Like this character creation example from one of my minimald6 games, a cyberpunk rpg called Futurepunk:
Roll 1d6 for strength, dexterity, health, courage, intelligence, tech
I roll 3,3,4,6,6,1 – I keep 6,6 and 1. So my character has balls of steel, is super intelligent, but abysmally bad with tech. This is exactly what I write on my character sheet.
Next: Personally, I love character classes because they offer quick orientation for players who have never played in a genre before. Old hands can still play with the concept and add wrinkles to it. A win-win.
I like character classes with a bare minimum of details: class, a list of skills, abilities, equipment and secrets to choose from. I roll for my character class and get a Cop.

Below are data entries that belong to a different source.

lemma lin_indep_over_shift:
  assumes sf: "is_subfield K" and v: "lin_indep_over K v {..<Suc N}"
    and c: "c \<in> coeff_vecs K {..<N}"
  shows "lin_indep_over K (\<lambda>i. v i + c i * v N) {..<N}"
  unfolding lin_indep_over_def
proof (intro allI impI ballI)
  fix d j assume d: "(\<forall>i\<in>{..<N}. d i \<in> K) \<and> (\<Sum>i\<in>{..<N}. d i * (v i + c i * v N)) = 0"
    and "j \<in> {..<N}"
  define d' where "d' = d(N := \<Sum>i<N. d i * c i)"
  have "(\<Sum>i<Suc N. d' i * v i) = (\<Sum>i<N. d i * v i) + (\<Sum>i<N. d i * c i) * v N"
    by (simp add: d'_def)
  also have "\<dots> = (\<Sum>i\<in>{..<N}. d i * (v i + c i * v N))"
    by (simp add: distrib_left sum.distrib sum_distrib_right mult.assoc)
  finally have "(\<Sum>i\<in>{..<Suc N}. d' i * v i) = 0" using d by simp
  moreover have "\<forall>i\<in>{..<Suc N}. d' i \<in> K"
    using d c sf by (auto simp: d'_def coeff_vecs_def intro!: subfield_sum subfield_mult)
  ultimately have "d' j = 0" using lin_indep_overD[OF v] \<open>j \<in> {..<N}\<close> by simp
  then show "d j = 0" using \<open>j \<in> {..<N}\<close> by (simp add: d'_def)
qed

lemma sum_rank_dot_count_shift:
  fixes v :: "nat \<Rightarrow> 'a::{field,finite}" and b :: 'a
  assumes sf: "is_subfield K" and vN: "v N \<noteq> 0"
  defines "t u \<equiv> (b - dot N u v) / v N"
  shows "card K ^ w * (\<Sum>c\<in>coeff_vecs K {..<N}. rank_dot_count K N (\<lambda>i. v i + c i * v N) w b)
    = card K ^ N * card {u \<in> vecs N. rank_over K N u = w \<and> t u \<in> kspan K {..<N} u}"
proof -
  let ?V = "{u \<in> vecs N. rank_over K N u = w}"
  let ?C = "coeff_vecs K {..<N}"
  let ?lc = "\<lambda>u c. \<Sum>i<N. c i * u i"
  have finV: "finite ?V" using finite_vecs by (rule finite_subset[rotated]) auto
  have finC: "finite ?C" by (simp add: finite_coeff_vecs)
  have dot_shift: "dot N u (\<lambda>i. v i + c i * v N) = b \<longleftrightarrow> ?lc u c = t u" for u c
  proof -
    have "(\<Sum>i<N. u i * (c i * v N)) = ?lc u c * v N"
      unfolding sum_distrib_right by (simp add: mult_ac)
    then have "dot N u (\<lambda>i. v i + c i * v N) = dot N u v + ?lc u c * v N"
      by (simp add: dot_def distrib_left sum.distrib)
    then show ?thesis using vN by (auto simp: t_def field_simps)
  qed
  have fibre: "card K ^ w * card {c \<in> ?C. ?lc u c = t u}
      = (if t u \<in> kspan K {..<N} u then card K ^ N else 0)" if "u \<in> ?V" for u
  proof (cases "t u \<in> kspan K {..<N} u")
    case True
    then show ?thesis using card_lincomb_fibre[OF sf finite True] that by (simp add: mult.commute)
  next
    case False
    then have "{c \<in> ?C. ?lc u c = t u} = {}" by (auto simp: kspan_eq_image image_iff)
    then show ?thesis using False by (metis card.empty mult_0_right)
  qed
  have "(\<Sum>c\<in>?C. rank_dot_count K N (\<lambda>i. v i + c i * v N) w b)
      = (\<Sum>c\<in>?C. card {u \<in> ?V. ?lc u c = t u})"
    unfolding rank_dot_count_def dot_shift by (intro sum.cong) (auto intro: arg_cong[where f = card])
  also have "\<dots> = (\<Sum>u\<in>?V. card {c \<in> ?C. ?lc u c = t u})"
    using sum.swap_restrict[OF finC finV, of "\<lambda>_ _. 1::nat" "\<lambda>c u. ?lc u c = t u"]
    by (simp add: sum_constant conj_assoc)
  finally have "card K ^ w * (\<Sum>c\<in>?C. rank_dot_count K N (\<lambda>i. v i + c i * v N) w b)
      = (\<Sum>u\<in>?V. if t u \<in> kspan K {..<N} u then card K ^ N else 0)"
    by (simp add: sum_distrib_left fibre)
  also have "\<dots> = card K ^ N * card {u \<in> ?V. t u \<in> kspan K {..<N} u}"
    using finV by (simp add: sum.If_cases Int_def)
  also have "{u \<in> ?V. t u \<in> kspan K {..<N} u}
      = {u \<in> vecs N. rank_over K N u = w \<and> t u \<in> kspan K {..<N} u}"
    by auto
  finally show ?thesis .
qed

In my game, the character class Cop looks like this:
Cops (2): Big revolver, kevlar vest, shotgun, close-quarters combat and firearms training, authority, shady business on the side.
The (2) indicates that the player may choose two entries from the list. I pick “Authority” and “Shady Business on the side”. What do they mean? Obviously, they’re some kind of special skill and background, but what exactly do they mean? Well, here’s the thing: In my games, I don’t want to define these things. This is natural gaming, and so I want every group to find out what they mean to them, in their world, according to their preferences and their play style.
In my game, “Authority” is the skill to make a huge impression on people, even more so if they’re gullible. In your game, “Authority” might only work within the ranks of an organization. Your game, your call.
What about a quick dice system, something that can be included on one page in a supplement, for instance? My minimald6 system fits that bill perfectly.
You roll 2d6, +1d6 if your character has some advantage of some kind, -1d6 if your character has some disadvantage of some kind. You always roll at least 1d6, and 3d6, tops. Every 5 and 6 is a success. That’s it. That’s the system. You can add any house rule, for instance, adding hit points. Or rolling 1d20 with a DC of 1 0 (add +5 to your roll for advantage, subtract 5 from your roll for disadvantage) instead of rolling 2d6. Let the rules find you in play. Adjust, bend, twist, shake and stir them till they fit your style. Natural gaming in a nutshell.